Capitalism benefits the poor the most. Life expectancy in early modern Britain was between 25 and 40 years old, and in revolutionary America it was about 35. The gains in life expectancy came about because of improvements in sanitation and public health, and secondarily because of the invention of drugs. Market capitalism made both possible.  For example, the wealth needed to construct sanitary housing did not exist in the precapitalist economy.  The capitalist increases in the real hourly wage that continued in the US until the expansion of government spending in the 1960s, when the US transitioned from a capitalist to a socialist state, meant that the poor working person could improve his lot through saving.  Today, many working Americans cannot save because of the high costs of home ownership, commodities, and taxation, all due to government and Federal Reserve policy.

In The Road to Serfdom Hayek discusses how, in the absence of public resistance,  socialism leads to totalitarianism. The requirements of central planning, economic regulation, and wealth redistribution directly contradict the requirements of the rule of law and democracy.  Wealth redistribution is inherently coercive.  The advocacy of income equality is the advocacy of violence.

With respect to government programs to enforce wealth equality, Hayek draws parallels to Nazis (p. 117):

A necessary and only apparently paradoxical result...is that formal equality before the law is in conflict with, and in fact incompatible with, any activity of the government deliberately aiming at material or substantive equality of different people, and that any policy aiming directly at a substantive ideal of distribution justice must lead to the destruction of the Rule of Law.
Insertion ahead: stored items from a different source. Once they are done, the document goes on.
text \<open>The slope is the supremum of the slopes from \<open>(t, M)\<close> to the graph on the right of
  \<open>t\<close>; the chord bound shows it is below every slope from the graph on the left.\<close>

lemma supporting_line_of_chord_bound:
  fixes w :: "real \<Rightarrow> real"
  assumes "0 < t" "t \<le> 1" and mono: "mono_on {0..1} w"
    and chord: "\<And>x y. 0 \<le> x \<Longrightarrow> x \<le> t \<Longrightarrow> t \<le> y \<Longrightarrow> y \<le> 1 \<Longrightarrow> x < y
        \<Longrightarrow> (t - x) * w y + (y - t) * w x \<le> M * (y - x)"
  obtains c where "0 \<le> c" "\<And>d. 0 \<le> d \<Longrightarrow> d \<le> 1 \<Longrightarrow> w d \<le> M + c * (d - t)"
proof -
  have "w t \<le> M" using chord[of 0 t] assms by simp
  hence left_le: "w d \<le> M" if "0 \<le> d" "d \<le> t" for d
    using mono_onD[OF mono, of d t] that assms by auto
  have slopes: "(w s - M) / (s - t) \<le> (M - w d) / (t - d)" if "t < s" "s \<le> 1" "0 \<le> d" "d < t" for s d
  proof -
    have "(w s - M) * (t - d) \<le> (M - w d) * (s - t)"
      using chord[of d s] that by (simp add: algebra_simps)
    thus ?thesis using that by (simp add: divide_simps)
  qed
  define R where "R = insert 0 {(w s - M) / (s - t) | s. t < s \<and> s \<le> 1}"
  have R_bound: "r \<le> (M - w d) / (t - d)" if "r \<in> R" "0 \<le> d" "d < t" for r d
    using that slopes[of _ d] left_le[of d] by (auto simp: R_def)
  have "bdd_above R" using R_bound[of _ 0] \<open>0 < t\<close> by (intro bdd_aboveI) auto
  show ?thesis
  proof (rule that[of "Sup R"])
    show "0 \<le> Sup R" by (rule cSup_upper[OF _ \<open>bdd_above R\<close>]) (simp add: R_def)
    show "w d \<le> M + Sup R * (d - t)" if "0 \<le> d" "d \<le> 1" for d
    proof (cases d t rule: linorder_cases)
      case less
      have "Sup R \<le> (M - w d) / (t - d)"
        by (rule cSup_least) (use R_bound that less in \<open>auto simp: R_def\<close>)
      thus ?thesis using less by (simp add: le_divide_eq algebra_simps)
    next
      case greater
      have "(w d - M) / (d - t) \<le> Sup R"
        by (rule cSup_upper[OF _ \<open>bdd_above R\<close>]) (use that greater in \<open>auto simp: R_def\<close>)
      thus ?thesis using greater by (simp add: divide_le_eq algebra_simps)
    qed (use \<open>w t \<le> M\<close> in simp)
  qed
qed

lemma stdev_on_comp_le_modcont_tilde:
  assumes S: "finite S" "S \<noteq> {}" and cont: "continuous_on {0..1} f"
    and unit: "\<And>p. p \<in> S \<Longrightarrow> x p \<in> {0..1}" and pos: "0 < stdev_on S x"
  shows "stdev_on S (\<lambda>p. f (x p)) \<le> modcont_tilde f (2 * stdev_on S x) / 2"
proof -
  define t where "t = 2 * stdev_on S x"
  define M where "M = modcont_tilde f t"
  have "covar_on S x x \<le> 1\<^sup>2 / 4" using unit by (intro covar_on_self_le_range[OF S]) auto
  hence "stdev_on S x \<le> sqrt (1 / 4)" unfolding stdev_on_def by (intro real_sqrt_le_mono) simp
  hence "t \<le> 1" by (simp add: t_def real_sqrt_divide)
  moreover have "0 < t" using pos by (simp add: t_def)
  moreover have "mono_on {0..1} (modcont f)" by (intro mono_onI modcont_mono[OF cont]) auto
  ultimately obtain c where "0 \<le> c"
    and line: "\<And>d. 0 \<le> d \<Longrightarrow> d \<le> 1 \<Longrightarrow> modcont f d \<le> M + c * (d - t)"
    using supporting_line_of_chord_bound[of t "modcont f" M] modcont_chord_le_modcont_tilde[OF cont]
    unfolding M_def by metis
  have "0 \<le> M - c * t" using line[of 0] modcont_nonneg[OF cont, of 0] by simp
  have "\<bar>f (x p) - f (x q)\<bar> \<le> (M - c * t) + c * \<bar>x p - x q\<bar>" if "p \<in> S" "q \<in> S" for p q
  proof -
    have "\<bar>f (x p) - f (x q)\<bar> \<le> modcont f \<bar>x p - x q\<bar>"
      using unit that by (intro abs_diff_le_modcont[OF cont]) auto
    also have "\<dots> \<le> M + c * (\<bar>x p - x q\<bar> - t)" using unit[OF that(1)] unit[OF that(2)] by (intro line) (auto simp: abs_le_iff)
    finally show ?thesis by (simp add: algebra_simps)
  qed
  hence "stdev_on S (\<lambda>p. f (x p)) \<le> c * stdev_on S x + (M - c * t) / 2"
    by (intro stdev_on_le_of_modulus[OF S \<open>0 \<le> M - c * t\<close> \<open>0 \<le> c\<close>])
  thus ?thesis by (simp add: M_def t_def field_simps)
qed

lemma Bernstein_has_integral:
  assumes "k \<le> n"
  shows "(Bernstein n k has_integral 1 / real (Suc n)) {0..1}"
proof -
  have "((\<lambda>t. t powr (real k + 1 - 1) * (1 - t) powr (real (n - k) + 1 - 1))
      has_integral Beta (real k + 1) (real (n - k) + 1)) {0..1}"
    by (rule has_integral_Beta_real) auto
  moreover have "Beta (real k + 1) (real (n - k) + 1) = fact k * fact (n - k) / fact (Suc n)"
  proof -
    have "real k + 1 + (real (n - k) + 1) = 1 + real (Suc n)" using assms by simp
    thus ?thesis
      using Gamma_fact[of k, where 'a=real] Gamma_fact[of "n - k", where 'a=real]
        Gamma_fact[of "Suc n", where 'a=real]
      unfolding Beta_def by (simp add: add.commute)
  qed
  ultimately have powr_integral: "((\<lambda>t. t powr real k * (1 - t) powr real (n - k)) has_integral
      fact k * fact (n - k) / fact (Suc n)) {0..1}"
    by simp
  have beta: "((\<lambda>t::real. t ^ k * (1 - t) ^ (n - k)) has_integral
      fact k * fact (n - k) / fact (Suc n)) {0..1}"
    by (rule has_integral_spike_finite[OF _ _ powr_integral, of "{0, 1}"]) (auto simp: powr_realpow)
  have "real (n choose k) * (fact k * fact (n - k) / fact (Suc n)) = 1 / real (Suc n)"
    using assms by (simp add: binomial_fact del: of_nat_Suc)
  thus ?thesis
    using has_integral_mult_right[OF beta, of "real (n choose k)"] by (simp add: Bernstein_def[abs_def] mult.assoc)
qed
To produce the same result for different people, it is necessary to treat them differently.  To give different people the same objective opportunities  is not to give them the same subjective chance.  It cannot be denied that the Rule of Law produces economic inequality--all that can be claimed for it is that this inequality is not designed to affect particular people in a particular way.  It is very significant and characteristic that socialists (and Nazis) have always protested against "merely" formal justice, that they have always objected to a law which had no views on how well off particular people ought to be, and that they have always demanded a "socialization of the law," attacked the independence of judges, and at the same time given their support to all such movements as the Freirechtsschule which undermined the Rule of Law.
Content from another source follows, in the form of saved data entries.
text \<open>
  Let \<open>Q (c, \<lambda>) = 0\<close>. The lower block row says that \<open>c\<close> annihilates the powers
  \<open>x\<^sup>\<alpha>\<close>, \<open>\<alpha> \<le> m - 2\<close>, and \<open>e\<^sup>-\<^sup>x\<close>; pairing the upper block row with \<open>c\<close> then kills
  the \<open>\<lambda>\<close>-terms, so \<open>\<Sum> c\<^sub>\<beta> c\<^sub>\<gamma> G(x\<^sub>\<beta> - x\<^sub>\<gamma>) = 0\<close>.

  Let \<open>R\<^sub>k(u) = e\<^sup>u - \<Sum>\<^sub>j\<^sub><\<^sub>k u\<^sup>j/j!\<close> and \<open>k = m - 1\<close>. As \<open>R\<^sub>k\<close> is the derivative of
  \<open>R\<^sub>k\<^sub>+\<^sub>1\<close>, which vanishes at \<open>0\<close>, repeated integration by parts shows that
  \<open>\<integral> R\<^sub>k(t - x\<^sub>\<beta>) R\<^sub>k(t - x\<^sub>\<gamma>) dt\<close> over \<open>[x\<^sub>\<gamma>, x\<^sub>\<beta>]\<close> is \<open>(-1)\<^sup>k\<close> times the odd part
  of \<open>R\<^sub>2\<^sub>k\<close> at \<open>x\<^sub>\<beta> - x\<^sub>\<gamma>\<close>, while \<open>2 G(d)\<close> is \<open>sgn d\<close> times that odd part. Since the
  moment conditions annihilate the polynomial and exponential parts of these kernels,
  the quadratic form equals \<open>\<plusminus>\<integral> \<psi>\<^sup>2\<close> for the spline
  \<open>\<psi>(t) = \<Sum> c\<^sub>\<gamma> R\<^sub>k(max (t - x\<^sub>\<gamma>) 0)\<close>. Hence \<open>\<psi> = 0\<close>, which forces \<open>c = 0\<close>;
  then \<open>S\<^sup>T \<lambda> = 0\<close> and the right inverse of \<open>S\<close> give \<open>\<lambda> = 0\<close>.
\<close>

section \<open>Remainders of the exponential series\<close>

definition exp_remainder :: "nat \<Rightarrow> real \<Rightarrow> real" where
  "exp_remainder k u = exp u - (\<Sum>j<k. u ^ j / fact j)"

lemma exp_remainder_0 [simp]: "exp_remainder 0 u = exp u"
  by (simp add: exp_remainder_def)

lemma exp_remainder_Suc: "exp_remainder (Suc k) u = exp_remainder k u - u ^ k / fact k"
  by (simp add: exp_remainder_def)

lemma exp_remainder_at_0 [simp]: "0 < k \<Longrightarrow> exp_remainder k 0 = 0"
  by (cases k) (simp_all add: exp_remainder_def sum.lessThan_Suc_shift del: sum.lessThan_Suc)

lemma exp_remainder_pos:
  assumes "0 < u"
  shows "0 < exp_remainder k u"
proof (cases "k = 0")
  case False
  then obtain t where "exp u = (\<Sum>j<k. u ^ j / fact j) + exp t / fact k * u ^ k"
    using Maclaurin_exp_lt[of u k] assms by auto
  then show ?thesis
    using assms by (simp add: exp_remainder_def)
qed simp

lemma has_real_derivative_exp_remainder:
  "(exp_remainder (Suc k) has_real_derivative exp_remainder k u) (at u)"
proof (induction k)
  case 0
  show ?case
    unfolding exp_remainder_def by (auto intro!: derivative_eq_intros)
next
  case (Suc k)
  have "real (Suc k) * u ^ k / fact (Suc k) = u ^ k / fact k"
    by (simp add: fact_Suc del: of_nat_Suc)
  then have "((\<lambda>u. u ^ Suc k / fact (Suc k)) has_real_derivative u ^ k / fact k) (at u)"
    using DERIV_cdivide[OF DERIV_pow[of "Suc k" u], of "fact (Suc k)"] by simp
  from DERIV_diff[OF Suc.IH this] show ?case
    by (simp add: exp_remainder_Suc[of "Suc k"] exp_remainder_Suc[of k] fun_eq_iff)
qed

lemma continuous_on_exp_remainder [continuous_intros]:
  "continuous_on S f \<Longrightarrow> continuous_on S (\<lambda>t. exp_remainder k (f t))"
  unfolding exp_remainder_def by (intro continuous_intros) auto

lemma exp_remainder_min_plus_max:
  "0 < k \<Longrightarrow> exp_remainder k (min u 0) + exp_remainder k (max u 0) = exp_remainder k u"
  by (cases "0 \<le> u") auto

lemma exp_remainder_shift_has_real_derivative:
  "((\<lambda>t. exp_remainder (Suc k) (t - x)) has_real_derivative exp_remainder k (t - x)) (at t)"
  using DERIV_chain2[OF has_real_derivative_exp_remainder[of k "t - x"]
      DERIV_diff[OF DERIV_ident DERIV_const]]
  by simp

lemma fundamental_theorem_of_calculus_real:
  fixes f f' :: "real \<Rightarrow> real"
  assumes "a \<le> b" and "\<And>t. (f has_real_derivative f' t) (at t)"
  shows "(f' has_integral (f b - f a)) {a..b}"
  using assms
  by (intro fundamental_theorem_of_calculus)
     (auto simp: has_real_derivative_iff_has_vector_derivative[symmetric]
           intro: has_field_derivative_at_within)

lemma has_integral_exp_remainder_by_parts:
  assumes "y \<le> x" and f: "\<And>t. (f has_real_derivative f' t) (at t)"
  shows "((\<lambda>t. exp_remainder k (t - x) * f t + exp_remainder (Suc k) (t - x) * f' t)
           has_integral - exp_remainder (Suc k) (y - x) * f y) {y..x}"
proof -
  have "((\<lambda>t. exp_remainder (Suc k) (t - x) * f t) has_real_derivative
          exp_remainder k (t - x) * f t + exp_remainder (Suc k) (t - x) * f' t) (at t)" for t
    using DERIV_mult[OF exp_remainder_shift_has_real_derivative f] by (simp add: ac_simps)
  from fundamental_theorem_of_calculus_real[OF assms(1) this] show ?thesis
    by simp
qed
Hayek, who came from Austria, adds this footnote:

It is therefore not altogether false, when the legal theorist of National Socialism, Carl Schmitt, opposes to the liberal Rechstaat (i.e., the Rule of Law), the National Socialist ideal of the gerechte Staat) ("the just state")--only that the sort of justice which is opposed to formal justice necessarily implies discrimination between persons. [Editor Bruce Caldwell adds the following: German jurist Carl Schmitt (1888-1985) was a critic of liberal parliamentarianism and defender of the authoritarian state. In the 1930s he attempted to reconcile his views with those of the Nazis, offering legal justifications of their takeover of the government and defending the Nuremberg Laws that excluded Jews from public and social life. Though he lost favor with the Nazis by 1936, outside of Germany he was often viewed as the legal theorist of National Socialism.  Hayek also refers to the Freirechtsschule, which is the German term for "legal realism," a doctrine that holds that instinct rather than rule-following is the actual basis of judicial interpretation of the law."--Ed.]